I didn't see any threads on Braid's themes yet and was hoping to spur some sort of discussion on the subject. While I'm not going to pretend to have a sold story down, there are some themes that are definitely pushed into your face over the course of the game.
The title of the game, Braid, is mentioned at least twice in the game, both times attached to some sort of violence. Once, early in the game, "the princess' braid" lashes at Tim. Also, if you read the hidden texts (those that only appear in the epilogue cloud world when 1. a red book is open and 2. Tim is standing on a spot that emotes an angelic note) at the end of the game, the candy shop story talks of Tim pulling violently at his mother's braid in an effort to get the forbidden candy/scientific tools. You could probably infer some mommy issues in this linkage, but I haven't really thought about that too much.
What got me more curious about the name Braid is that there's a professor Donald Braid from Butler who wrote an article, "Doing Good Physics": Narrative and Innovation in Research which is apparently about learning from past successes and failures in physics. In particular, from what I've found (I've not read the article, I just finished Braid and googled some of my ideas about the game) there's mention of avoiding danger and embarrassment by learning through others' past experiences. There are repeated themes of learning from mistakes throughout Braid. It's the bulk of the story leading into level 2, in fact.
Now, I've gone from the name Braid to this professor's article from 2006, and that kind of ties back into some of the more in your face themes that the game offers. Donald Braid was writing about physics. The game pretty clearly depicts the Manhattan project by the epilogue. The whole "now we're all sons of bitches" line and depiction of a bomb being tested in the desert. Also, the narrative mentions Manhattan as a setting of what I assume is Tim's adult life. When he's running through the city with a girl not called "the princess."
Finally, "the princess" is depicted as (abstractly) some sort of glimmering hope that will bring peace and happiness to not just Tim, but the entire world. In the epilogue, "the princess" is the atomic bomb. It's pretty clear when you read the hidden text (that you need the angelic voices to read) on the screen that quotes Oppenheimer.
Anyhow, I just wanted to touch on that one train of circular thought. The game is a story and a warning about a fictional man behind the atomic bomb. He works his whole life, socially awkward, looking for this one unattainable goal of the princess. Whether this goal changes over time and eventually becomes world peace via the bomb, or is world peace via some avenue for Tim's entire life, or is just this ever changing goal of doing something great or finding something better, it seems clear by the end that Tim is looking for world peace. What's interesting about this is the epilogue of world 1 (the final world). This would lead me to believe that the entire game that you played prior to world 1 (worlds 2-6) are actually David Lynch-ish pseudo-realities constructed in the protangonist's own mind to cope with the horror he unleashed via his quest for something noble and great (assuming peace was Tim's goal and the bomb was his means).
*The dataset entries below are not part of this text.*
(* Let $K$ be a discrete hypergroup, let $\mu$ be the left Haar measure on $K$ given by $\mu(\{x\})=\dfrac{1}{(\delta_x*\delta_{x^-})(\{e\})}$ for $x\in K$, and let $p\geq1$. Then for each $g\in L^p(K,\mu)$, the set $$\big\{f\in L^p(K,\mu):\ |f|\geq|g|\big\}$$ is not $\sigma$-porous in $L^p(K,\mu)$.
   Context: A locally compact hypergroup is a locally compact Hausdorff space $K$ together with a bilinear, positive-continuous map $(\mu,\nu)\mapsto\mu*\nu$ on the space $\mathbb M(K)$ of regular complex Borel measures and an involutive homeomorphism $x\mapsto x^-$ of $K$ such that: (i) $(\mathbb M(K),* )$ is a complex associative algebra; (ii) for $x,y\in K$, $\delta_x*\delta_y$ is a probability measure with compact support ($\delta_x$ = Dirac measure); (iii) $(x,y)\mapsto\operatorname{supp}(\delta_x*\delta_y)$ is continuous into the nonempty compact subsets of $K$ with the Michael topology; (iv) there is $e\in K$ with $\delta_x*\delta_e=\delta_e*\delta_x=\delta_x$ for all $x$; (v) $e\in\operatorname{supp}(\delta_x*\delta_y)$ iff $x=y^-$. $K$ is discrete if its topology is discrete. Porosity: Let $X$ be a metric space and $0<\lambda<1$. A set $E\subseteq X$ is $\lambda$-porous at $x\in E$ if for each $\delta>0$ there is $y\in B(x;\delta)\setminus\{x\}$ with $B(y;\lambda\, d(x,y))\cap E=\varnothing$; $E$ is $\lambda$-porous if it is $\lambda$-porous at each of its points; $E$ is $\sigma$-$\lambda$-porous if it is a countable union of $\lambda$-porous subsets of $X$. A set is called $\sigma$-porous if it is $\sigma$-$\lambda$-porous for some $\lambda\in(0,1)$; "not $\sigma$-porous" means not $\sigma$-$\lambda$-porous for any $\lambda\in(0,1)$. *)

theory Defs
  imports "HOL-Analysis.Analysis"
begin

text \<open>Since K is discrete, a regular
complex Borel measure on K is a summable function on K, and the convolution on M(K),
being bilinear and positive-continuous, is determined by the products of Dirac measures.
We record these by structure constants: c x y z = (delta_x * delta_y)({z}).
Compact support in a discrete space means finite support; continuity conditions and
local compactness / Hausdorffness are automatic for the discrete topology.\<close>

definition discrete_hypergroup ::
  "('a \<Rightarrow> 'a \<Rightarrow> 'a \<Rightarrow> real) \<Rightarrow> ('a \<Rightarrow> 'a) \<Rightarrow> 'a \<Rightarrow> bool" where
  "discrete_hypergroup c iv e \<longleftrightarrow>
     (\<forall>x y z. 0 \<le> c x y z) \<and>
     (\<forall>x y. finite {z. c x y z \<noteq> 0}) \<and>
     (\<forall>x y. (\<Sum>z\<in>{z. c x y z \<noteq> 0}. c x y z) = 1) \<and>
     (\<forall>x y z t. (\<Sum>w\<in>{w. c x y w \<noteq> 0}. c x y w * c w z t)
              = (\<Sum>w\<in>{w. c y z w \<noteq> 0}. c y z w * c x w t)) \<and>
     (\<forall>x. iv (iv x) = x) \<and>
     (\<forall>x z. c x e z = (if z = x then 1 else 0)) \<and>
     (\<forall>x z. c e x z = (if z = x then 1 else 0)) \<and>
     (\<forall>x y. c x y e \<noteq> 0 \<longleftrightarrow> x = iv y)"

definition haar_weight :: "('a \<Rightarrow> 'a \<Rightarrow> 'a \<Rightarrow> real) \<Rightarrow> ('a \<Rightarrow> 'a) \<Rightarrow> 'a \<Rightarrow> 'a \<Rightarrow> real" where
  "haar_weight c iv e x = 1 / c x (iv x) e"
This also makes sense in that the memories are cloudy and vague. They're sometimes idealistic. They're almost certainly metaphors. Tim needs to piece together the puzzles that are his memories.
On an absolute final note, I suppose the last scene of gameplay makes sense in this light. Tim enters a cave and sees this villain with a woman in his arms. She runs away looking for help as this villain demands that she return and throws a tantrum shaking the earth he stands on. Tim runs towards this damsel in distress with the goal of saving her. I believe she represents humanity. She's not the princess at all. the princess is only an idea. He runs through the cave, trying to rescue her as she helps him along from above ground. The entire time, this massive explosion of flames chases our hero Tim. But when we get the end and realize that Tim was actually the threat, the woman (humanity) runs from Tim, the real villain, into the waiting arms of her white knight. She drops all the traps she can at the villian Tim en route to her waiting hero. This scene, would then be the realization that Tim isn't bringing the princess to the world, he's not making it a better place, he's the monster bringing upon destruction. That's world 1. That's how it all begins. That's what happens prior to Tim walking across a flaming city into his house, trying to piece his mind back together (as the game started when you first turned it on).